In April 1750, to the Marquis de VOYER: Two pieces of old celadon porcelain, representing a plant with foliage, with the terraces gilded with ground gold, 720 pounds
In May of the same year at the Comte du Luc: Two pieces of celadon porcelain with reliefs, with their gilded terraces, 720 books
In January 1751 still at the Marquis du Voyer: A celadon porcelain vase, 960 pounds
The following years he delivered Celadons to the Prince de Turenne, to the Duchess of Orleans, to the treasurer Mr de Boulogne, to the Dauphine, but Duvaux's greatest client was undoubtedly the Marquise de Pompadour, who was crazy about these porcelain with delicate nuances and to whom he delivered about fifteen pieces in ten years.
The document also tells us that the production of the bronze mounts was entrusted to the goldsmith Jean Claude Duplessis.
Also in August 1750 he delivered for the exorbitant sum of 3000 pounds two vases to the Marquis du Voyer: Two large celadon porcelain vases, mounted by Duplessis in gilded bronze with ground gold, 3.000 1
The price reached is partly due to the size of the vases but also to the cost of the frame which required the conception of a drawing and then a long tailor-made adaptation work.
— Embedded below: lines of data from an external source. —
lemma set_integral_Icc_split:
  fixes g :: "real \<Rightarrow> 'a::euclidean_space"
  assumes "locally_integrable g" "a \<le> b" "b \<le> c"
  shows "(LINT t:{a..c}|lebesgue. g t) = (LINT t:{a..b}|lebesgue. g t) + (LINT t:{b..c}|lebesgue. g t)"
  using assms Henstock_Kurzweil_Integration.integral_combine[of a b c g]
  unfolding locally_integrable_def by (simp add: set_lebesgue_integral_eq_integral)

lemma set_integral_Icc_reversed:
  fixes g :: "real \<Rightarrow> 'a::euclidean_space"
  assumes "locally_integrable g" "b \<le> a"
  shows "(LINT t:{a..b}|lebesgue. g t) = 0"
  using assms integral_null[of a b g]
  unfolding locally_integrable_def by (simp add: set_lebesgue_integral_eq_integral)

definition primitive :: "(real \<Rightarrow> 'a::{banach, second_countable_topology}) \<Rightarrow> real \<Rightarrow> 'a" where
  "primitive g x = (LINT t:{0..x}|lebesgue. g t) - (LINT t:{x..0}|lebesgue. g t)"

lemma primitive_diff:
  fixes g :: "real \<Rightarrow> 'a::euclidean_space"
  assumes g: "locally_integrable g" and "x \<le> y"
  shows "primitive g y - primitive g x = (LINT t:{x..y}|lebesgue. g t)"
proof -
  consider "0 \<le> x" | "x \<le> 0" "0 \<le> y" | "y \<le> 0"
    by linarith
  then show ?thesis
  proof cases
    case 1
    then show ?thesis
      using set_integral_Icc_split[OF g 1 \<open>x \<le> y\<close>] \<open>x \<le> y\<close>
      by (simp add: primitive_def set_integral_Icc_reversed[OF g])
  next
    case 2
    then show ?thesis
      using set_integral_Icc_split[OF g 2]
      by (simp add: primitive_def set_integral_Icc_reversed[OF g])
  next
    case 3
    then show ?thesis
      using set_integral_Icc_split[OF g \<open>x \<le> y\<close> 3] \<open>x \<le> y\<close>
      by (simp add: primitive_def set_integral_Icc_reversed[OF g])
  qed
qed

lemma continuous_on_primitive:
  fixes g :: "real \<Rightarrow> 'a::euclidean_space"
  assumes g: "locally_integrable g"
  shows "continuous_on UNIV (primitive g)"
proof (rule continuous_at_imp_continuous_on, intro ballI)
  fix x :: real
  have "continuous_on {x-1..x+1} (\<lambda>y. primitive g (x-1) + integral {x-1..y} g)"
    using g unfolding locally_integrable_def
    by (intro continuous_intros indefinite_integral_continuous_1 set_lebesgue_integral_eq_integral) auto
  moreover have "primitive g y = primitive g (x-1) + integral {x-1..y} g" if "y \<in> {x-1..x+1}" for y
    using primitive_diff[OF g, of "x-1" y] that g unfolding locally_integrable_def
    by (auto simp: algebra_simps set_lebesgue_integral_eq_integral)
  ultimately have "continuous_on {x-1..x+1} (primitive g)"
    using continuous_on_cong by (metis (no_types, lifting))
  moreover have "x \<in> interior {x-1..x+1}"
    by simp
  ultimately show "isCont (primitive g) x"
    using continuous_on_interior by blast
qed
(* Let $A$ be a commutative semiring (not necessarily idempotent), $M$ a flat $A$-module, and $v:A^n\to M$ a homomorphism from a finite free module. Suppose $f,g:A\to A^n$ are homomorphisms with $v\circ f=v\circ g$. Then there exist a finite free module $A^m$ and homomorphisms $u:A^n\to A^m$, $w:A^m\to M$ with $v=w\circ u$ and $u\circ f=u\circ g$.
   Context: Modules over a semiring $A$ are commutative monoids with a compatible $A$-action; the category is semiadditive and has a tensor product $\otimes_A$. An $A$-module $M$ is flat if the functor $-\otimes_A M$ is exact (preserves finite limits as well as finite colimits). *)

theory Defs
  imports Main "HOL-Library.Multiset"
begin

text \<open>The scalars form the type 'a; we allow the
  trivial semiring (hence no 0 ~= 1 requirement).\<close>

record ('a, 'm) smodule =
  mcarrier :: "'m set"
  mzero    :: 'm
  madd     :: "'m \<Rightarrow> 'm \<Rightarrow> 'm"
  msmul    :: "'a \<Rightarrow> 'm \<Rightarrow> 'm"

definition is_module :: "('a::{comm_semiring_0,comm_monoid_mult}, 'm) smodule \<Rightarrow> bool" where
  "is_module N \<longleftrightarrow>
     mzero N \<in> mcarrier N \<and>
     (\<forall>x\<in>mcarrier N. \<forall>y\<in>mcarrier N. madd N x y \<in> mcarrier N) \<and>
     (\<forall>a. \<forall>x\<in>mcarrier N. msmul N a x \<in> mcarrier N) \<and>
     (\<forall>x\<in>mcarrier N. \<forall>y\<in>mcarrier N. \<forall>z\<in>mcarrier N.
        madd N (madd N x y) z = madd N x (madd N y z)) \<and>
     (\<forall>x\<in>mcarrier N. \<forall>y\<in>mcarrier N. madd N x y = madd N y x) \<and>
     (\<forall>x\<in>mcarrier N. madd N (mzero N) x = x) \<and>
     (\<forall>a. \<forall>x\<in>mcarrier N. \<forall>y\<in>mcarrier N.
        msmul N a (madd N x y) = madd N (msmul N a x) (msmul N a y)) \<and>
     (\<forall>a b. \<forall>x\<in>mcarrier N. msmul N (a + b) x = madd N (msmul N a x) (msmul N b x)) \<and>
     (\<forall>a b. \<forall>x\<in>mcarrier N. msmul N (a * b) x = msmul N a (msmul N b x)) \<and>
     (\<forall>x\<in>mcarrier N. msmul N 1 x = x) \<and>
     (\<forall>x\<in>mcarrier N. msmul N 0 x = mzero N) \<and>
     (\<forall>a. msmul N a (mzero N) = mzero N)"
(* Let $\{\mathcal{K}^s:s\geq0\}$ be a strongly continuous one-parameter semigroup of isometries on a complex Hilbert space $\mathcal{H}$, let $\mathcal{H}_U=\bigcap_{s\geq0}\mathcal{K}^s\mathcal{H}$ and let $\mathcal{H}_{NU}=\mathcal{H}_U^{\perp}$. Then for every $h\in\mathcal{H}_{NU}$, $$\lim_{\tau\to\infty}\lambda_{h,\tau,1}=0.$$
   Context: A strongly continuous one-parameter semigroup of isometries means: each $\mathcal{K}^s$ is a linear isometry, $\mathcal{K}^0=I$, $\mathcal{K}^{s_1}\mathcal{K}^{s_2}=\mathcal{K}^{s_1+s_2}$, and $s\mapsto\mathcal{K}^sh$ is norm-continuous for each $h$. Inner products are linear in the first argument. For $h\in\mathcal{H}$ and $\tau>0$, $A_{h,\tau}$ is the operator on $L^2([0,\tau])$ defined by $(A_{h,\tau}g)(t)=\frac1\tau\int_0^\tau g(s)\langle\mathcal{K}^sh,\mathcal{K}^th\rangle\,ds$; it is a positive semidefinite self-adjoint compact operator, and $\lambda_{h,\tau,1}=\sup_{g\neq0}\langle A_{h,\tau}g,g\rangle/\|g\|^2$ is its largest eigenvalue. *)

theory Defs
  imports "HOL-Analysis.Analysis"
begin

class complex_vector = real_vector +
  fixes scaleC :: "complex \<Rightarrow> 'a \<Rightarrow> 'a" (infixr "*\<^sub>C" 75)
  assumes scaleC_add_right: "scaleC a (x + y) = scaleC a x + scaleC a y"
    and scaleC_add_left: "scaleC (a + b) x = scaleC a x + scaleC b x"
    and scaleC_scaleC: "scaleC a (scaleC b x) = scaleC (a * b) x"
    and scaleC_one: "scaleC 1 x = x"
    and scaleR_scaleC: "scaleR r x = scaleC (complex_of_real r) x"
lemma ideal_sum_principal:
  assumes "ideal M"
  shows "ideal {m + a * r | m r. m \<in> M}"
  unfolding ideal_def
proof (intro conjI ballI allI)
  have "0 = 0 + a * 0"
    by simp
  then show "0 \<in> {m + a * r | m r. m \<in> M}"
    using ideal_zero[OF assms] by blast
  show "u + v \<in> {m + a * r | m r. m \<in> M}" if uv: "u \<in> {m + a * r | m r. m \<in> M}"
    "v \<in> {m + a * r | m r. m \<in> M}" for u v
  proof -
    obtain m1 r1 m2 r2 where "u = m1 + a * r1" "v = m2 + a * r2" "m1 \<in> M" "m2 \<in> M"
      using uv by blast
    then have "u + v = (m1 + m2) + a * (r1 + r2)" "m1 + m2 \<in> M"
      using ideal_add[OF assms] by (simp_all add: algebra_simps)
    then show ?thesis by blast
  qed
  show "s * u \<in> {m + a * r | m r. m \<in> M}" if u: "u \<in> {m + a * r | m r. m \<in> M}" for s u
  proof -
    obtain m r where "u = m + a * r" "m \<in> M"
      using u by blast
    then have "s * u = s * m + a * (s * r)" "s * m \<in> M"
      using ideal_mult_left[OF assms] by (simp_all add: algebra_simps)
    then show ?thesis by blast
  qed
qed

lemma maximal_disjoint_ideal_is_prime:
  assumes M: "ideal M" "M \<inter> S = {}"
    and S: "1 \<in> S" "\<And>s t. s \<in> S \<Longrightarrow> t \<in> S \<Longrightarrow> s * t \<in> S"
    and maximal: "\<And>J. ideal J \<Longrightarrow> M \<subseteq> J \<Longrightarrow> J \<inter> S = {} \<Longrightarrow> J = M"
  shows "prime_ideal M"
proof -
  have meets_S: "\<exists>m r. m \<in> M \<and> m + a * r \<in> S" if "a \<notin> M" for a
  proof -
    let ?J = "{m + a * r | m r. m \<in> M}"
    have "m = m + a * 0" for m
      by simp
    then have "M \<subseteq> ?J"
      by blast
    moreover have "a = 0 + a * 1"
      by simp
    then have "a \<in> ?J"
      using ideal_zero[OF M(1)] by blast
    ultimately have "?J \<inter> S \<noteq> {}"
      using maximal[OF ideal_sum_principal[OF M(1)]] that by blast
    then show ?thesis by blast
  qed
  have "a \<in> M \<or> b \<in> M" if "a * b \<in> M" for a b
  proof (rule ccontr)
    assume "\<not> (a \<in> M \<or> b \<in> M)"
    then obtain m1 r1 m2 r2 where m: "m1 \<in> M" "m2 \<in> M"
      and S_elems: "m1 + a * r1 \<in> S" "m2 + b * r2 \<in> S"
      using meets_S by meson
    have "(m1 + a * r1) * (m2 + b * r2) = (m2 + b * r2) * m1 + (r1 * a) * m2 + (r1 * r2) * (a * b)"
      by (simp add: algebra_simps)
    then have "(m1 + a * r1) * (m2 + b * r2) \<in> M"
      using m that ideal_add[OF M(1)] ideal_mult_left[OF M(1)] by presburger
    then show False
      using S(2)[OF S_elems] M(2) by blast
  qed
  then show ?thesis
    using M S(1) by (auto simp: prime_ideal_iff)
qed
lemma causal_prefixes:
  assumes "prefix r (snds (\<pi> l))"
    and "\<And>d. d < l \<Longrightarrow> prefix (rcvs (\<pi> (Suc d))) (snds (\<pi> d))"
  shows "\<exists>\<alpha>. (\<forall>j. prefix (\<alpha> j) (\<pi> j)) \<and> (\<forall>j>l. \<alpha> j = []) \<and> snds (\<alpha> l) = r \<and>
    (\<forall>j<l. snds (\<alpha> j) = rcvs (\<alpha> (Suc j)))"
  using assms
proof (induction l arbitrary: r)
  case 0
  then obtain a where "prefix a (\<pi> 0)" "snds a = r" using prefix_with_snds by blast
  then show ?case by (intro exI[of _ "(\<lambda>j. [])(0 := a)"]) auto
next
  case (Suc l)
  then obtain a where a: "prefix a (\<pi> (Suc l))" "snds a = r" using prefix_with_snds by blast
  have "prefix (rcvs a) (rcvs (\<pi> (Suc l)))" using a(1) by (rule prefix_concat_map)
  also have "prefix \<dots> (snds (\<pi> l))" using Suc.prems(2) by simp
  finally have "prefix (rcvs a) (snds (\<pi> l))" .
  moreover have "\<And>d. d < l \<Longrightarrow> prefix (rcvs (\<pi> (Suc d))) (snds (\<pi> d))"
    using Suc.prems(2) by simp
  ultimately obtain \<alpha> where \<alpha>: "\<forall>j. prefix (\<alpha> j) (\<pi> j)" "\<forall>j>l. \<alpha> j = []" "snds (\<alpha> l) = rcvs a"
      "\<forall>j<l. snds (\<alpha> j) = rcvs (\<alpha> (Suc j))"
    using Suc.IH by blast
  show ?case
  proof (intro exI[of _ "\<alpha>(Suc l := a)"] conjI allI impI)
    fix j assume "j < Suc l"
    then show "snds ((\<alpha>(Suc l := a)) j) = rcvs ((\<alpha>(Suc l := a)) (Suc j))"
      using \<alpha>(3,4) by (cases "j = l") auto
  qed (use a \<alpha>(1,2) in auto)
qed

fun stage_input :: "'m list \<Rightarrow> (nat \<Rightarrow> 'm act list) \<Rightarrow> nat \<Rightarrow> 'm list" where
  "stage_input y \<pi> 0 = y"
| "stage_input y \<pi> (Suc k) = snds (\<pi> k)"

locale cyclic_protocol =
  fixes tail head :: "'e::finite \<Rightarrow> 'n::finite"
    and M :: "'e \<Rightarrow> 'm set" and K :: "'n \<Rightarrow> 's set"
    and T :: "'n \<Rightarrow> ('s \<times> 'm act \<times> 's) set" and h :: "'n \<Rightarrow> 's" and \<beta> :: 'e
  assumes protocol: "cfsm_protocol tail head M K T h"
    and cyclic: "cyclic_graph tail head"
begin

abbreviation step where "step \<equiv> cfsm_step tail head M T"

definition reach :: "('n \<Rightarrow> 's) \<times> ('e \<Rightarrow> 'm list) \<Rightarrow> bool" where
  "reach X \<longleftrightarrow> step\<^sup>*\<^sup>* (h, \<lambda>\<xi>. []) X"

lemma reach_L_eq: "reach_L tail head M T h S = {C. reach (S, C)}"
  by (simp add: reach_L_def reach_def)

lemma reach_step: "reach X \<Longrightarrow> step X Y \<Longrightarrow> reach Y"
  unfolding reach_def by (rule rtranclp.rtrancl_into_rtrancl)

lemma reach_steps: "reach X \<Longrightarrow> step\<^sup>*\<^sup>* X Y \<Longrightarrow> reach Y"
  unfolding reach_def by (rule rtranclp_trans)

lemma bij_tail: "bij tail" and bij_head: "bij head"
  using cyclic by (simp_all add: cyclic_graph_def)

lemma tail_eq: "tail \<xi> = j \<longleftrightarrow> \<xi> = inv tail j"
  using bij_tail by (metis bij_inv_eq_iff)

lemma head_eq: "head \<xi> = j \<longleftrightarrow> \<xi> = inv head j"
  using bij_head by (metis bij_inv_eq_iff)

lemma head_inv [simp]: "head (inv head j) = j"
  using bij_head bij_is_surj surj_f_inv_f by metis

lemma tail_inv [simp]: "tail (inv tail j) = j"
  using bij_tail bij_is_surj surj_f_inv_f by metis

lemma inv_head [simp]: "inv head (head \<xi>) = \<xi>"
  using bij_head bij_is_inj inv_f_f by metis

lemma inv_tail [simp]: "inv tail (tail \<xi>) = \<xi>"
  using bij_tail bij_is_inj inv_f_f by metis

definition N :: nat where
  "N = card (range head)"

lemma N_eq_card: "N = CARD('n)"
  using bij_head bij_is_surj by (metis N_def)

text \<open>Machine \<^term>\<open>node k\<close> reads from channel \<^term>\<open>chan k\<close> and writes to
  \<^term>\<open>chan (Suc k)\<close>; the numbering starts at the receiving end of \<^term>\<open>\<beta>\<close>, so that
  \<^term>\<open>node (N - 1)\<close> is the machine writing to \<^term>\<open>\<beta>\<close>.\<close>

definition node :: "nat \<Rightarrow> 'n" where
  "node k = ((\<lambda>j. head (inv tail j)) ^^ k) (head \<beta>)"

definition chan :: "nat \<Rightarrow> 'e" where
  "chan k = inv head (node k)"

lemma node_Suc: "node (Suc k) = head (inv tail (node k))"
  by (simp add: node_def)

lemma node_bij: "bij_betw node {..<N} UNIV" and node_N: "node N = node 0"
proof -
  have inj: "inj (\<lambda>j. head (inv tail j))"
    by (rule injI) (metis inv_head tail_inv)
  have "\<exists>k. node k = j" for j
  proof -
    have "(head \<beta>, j) \<in> {(tail \<xi>, head \<xi>) | \<xi>. True}\<^sup>*"
      using cyclic by (simp add: cyclic_graph_def)
    then show ?thesis
    proof (induction rule: rtrancl_induct)
      case base
      then show ?case by (intro exI[of _ 0]) (simp add: node_def)
    next
      case (step y z)
      then obtain k \<xi> where "node k = y" "y = tail \<xi>" "z = head \<xi>" by blast
      then show ?case by (intro exI[of _ "Suc k"]) (simp add: node_Suc)
    qed
  qed
  from funpow_cycle_enumeration[OF inj this[unfolded node_def]]
  show "bij_betw node {..<N} UNIV" "node N = node 0"
    unfolding node_def N_eq_card by simp_all
qed

lemma N_pos: "0 < N"
  by (simp add: N_eq_card)

lemma node_inj: "i < N \<Longrightarrow> j < N \<Longrightarrow> node i = node j \<longleftrightarrow> i = j"
  using node_bij unfolding bij_betw_def inj_on_def by blast

lemma node_surj: "\<exists>k<N. node k = j"
  using node_bij unfolding bij_betw_def by (metis UNIV_I imageE lessThan_iff)

definition node_idx :: "'n \<Rightarrow> nat" where
  "node_idx j = (THE k. k < N \<and> node k = j)"

lemma node_idx: "node_idx j < N" "node (node_idx j) = j"
proof -
  obtain k where k: "k < N" "node k = j" using node_surj by blast
  have "node_idx j = k" unfolding node_idx_def using k node_inj by blast
  then show "node_idx j < N" "node (node_idx j) = j" using k by auto
qed

lemma node_idx_node [simp]: "k < N \<Longrightarrow> node_idx (node k) = k"
  using node_idx node_inj by blast

lemma head_chan [simp]: "head (chan k) = node k"
  by (simp add: chan_def)

lemma chan_0: "chan 0 = \<beta>"
  by (simp add: chan_def node_def)

lemma chan_N: "chan N = \<beta>"
  using node_N chan_0 by (simp add: chan_def)

lemma chan_inj: "i < N \<Longrightarrow> j < N \<Longrightarrow> chan i = chan j \<longleftrightarrow> i = j"
  by (metis head_chan node_inj)

lemma node_ne: "i < N \<Longrightarrow> j < N \<Longrightarrow> i \<noteq> j \<Longrightarrow> node i \<noteq> node j"
  using node_inj by blast

lemma chan_ne: "i < N \<Longrightarrow> j < N \<Longrightarrow> i \<noteq> j \<Longrightarrow> chan i \<noteq> chan j"
  using chan_inj by blast

definition chan_idx :: "'e \<Rightarrow> nat" where
  "chan_idx \<xi> = node_idx (head \<xi>)"

lemma chan_idx: "chan_idx \<xi> < N" "chan (chan_idx \<xi>) = \<xi>"
  by (simp_all add: chan_idx_def node_idx chan_def)

lemma chan_idx_chan [simp]: "k < N \<Longrightarrow> chan_idx (chan k) = k"
  by (simp add: chan_idx_def)

lemma chan_cases: obtains i where "i < N" "\<xi> = chan i"
  using chan_idx by metis

lemma chan_idx_beta: "chan_idx \<beta> = 0"
  using chan_idx_chan[of 0] chan_0 N_pos by simp

lemma chan_idx_eq_0: "chan_idx \<xi> = 0 \<longleftrightarrow> \<xi> = \<beta>"
  using chan_idx(2)[of \<xi>] chan_0 chan_idx_beta by metis

lemma inv_tail_node: "inv tail (node k) = chan (Suc k)"
  by (simp add: chan_def node_Suc)

lemma inv_head_node: "inv head (node k) = chan k"
  by (simp add: chan_def)

lemma T_Snd_msg: "(p, Snd b, q) \<in> T j \<Longrightarrow> b \<in> M (inv tail j)"
proof -
  assume "(p, Snd b, q) \<in> T j"
  then obtain \<xi> where "b \<in> M \<xi>" "tail \<xi> = j" using protocol unfolding cfsm_protocol_def by fastforce
  then show ?thesis by (metis inv_tail)
qed

lemma T_Rcv_msg: "(p, Rcv b, q) \<in> T j \<Longrightarrow> b \<in> M (inv head j)"
proof -
  assume "(p, Rcv b, q) \<in> T j"
  then obtain \<xi> where "b \<in> M \<xi>" "head \<xi> = j" using protocol unfolding cfsm_protocol_def by fastforce
  then show ?thesis by (metis inv_head)
qed

definition act_alphabet :: "'m act set" where
  "act_alphabet = Snd ` (\<Union>\<xi>. M \<xi>) \<union> Rcv ` (\<Union>\<xi>. M \<xi>)"

lemma finite_act_alphabet: "finite act_alphabet"
  using protocol unfolding act_alphabet_def cfsm_protocol_def by auto

lemma finite_K: "finite (K j)" and h_in_K: "h j \<in> K j"
  using protocol unfolding cfsm_protocol_def by auto

lemma T_subset: "T j \<subseteq> K j \<times> act_alphabet \<times> K j"
proof
  fix x assume "x \<in> T j"
  then obtain p a q where x: "x = (p, a, q)" "(p, a, q) \<in> T j" by (cases x) auto
  then have pq: "p \<in> K j" "q \<in> K j" using protocol unfolding cfsm_protocol_def by blast+
  have "a \<in> act_alphabet"
  proof (cases a)
    case (Snd b)
    then have "b \<in> M (inv tail j)" using T_Snd_msg x(2) by blast
    then show ?thesis using Snd unfolding act_alphabet_def by blast
  next
    case (Rcv b)
    then have "b \<in> M (inv head j)" using T_Rcv_msg x(2) by blast
    then show ?thesis using Rcv unfolding act_alphabet_def by blast
  qed
  then show "x \<in> K j \<times> act_alphabet \<times> K j" using x pq by simp
qed

lemma T_target_in_K: "(p, a, q) \<in> T j \<Longrightarrow> q \<in> K j"
  using T_subset[of j] by blast

lemma chan_monoid_upd: "C \<in> chan_monoid M \<Longrightarrow> x \<in> lists (M \<xi>) \<Longrightarrow> C(\<xi> := x) \<in> chan_monoid M"
  unfolding chan_monoid_def by simp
Duvaux mentions for the date of April 6, 1753 having delivered to the Marquise de Pompadour: "Contoured circles made for six different pieces of celadon porcelain in copper gilded with ground gold & two small leaf caps".He mentions several times these "caps" which are the contours made for the upper part of the vase, which are rare and much more expensive than the simple terraces that we usually meet.
The frame of our vase is "terrace and bonnet", it is emblematic of the purest rococo style designed by Duplessis in the 1750s, in addition to the very naturalistic design, the delicacy of the carving demonstrates the dexterity of our silversmith.
But it is through the addition of the two side rings that the Grandmaster makes his creative genius speak the most; this presence is not the result of chance, it is a nod to the jade "Gu" vases, the rings of which, indented in the mass of this fragile stone, were a real technical feat.
This knowledge and documentation work, even for distant and ancient civilizations, perfectly characterizes the scholarship of the Enlightenment.
Designed in China after archaic forms and mounted on bronze in Paris in the purest French Rococo style, our vase is at the crossroads of Europe and Asia.
It is one of the few mounted celadons that have come down to us and represents in our eyes the quintessence of the work of art during the reign of Louis XV.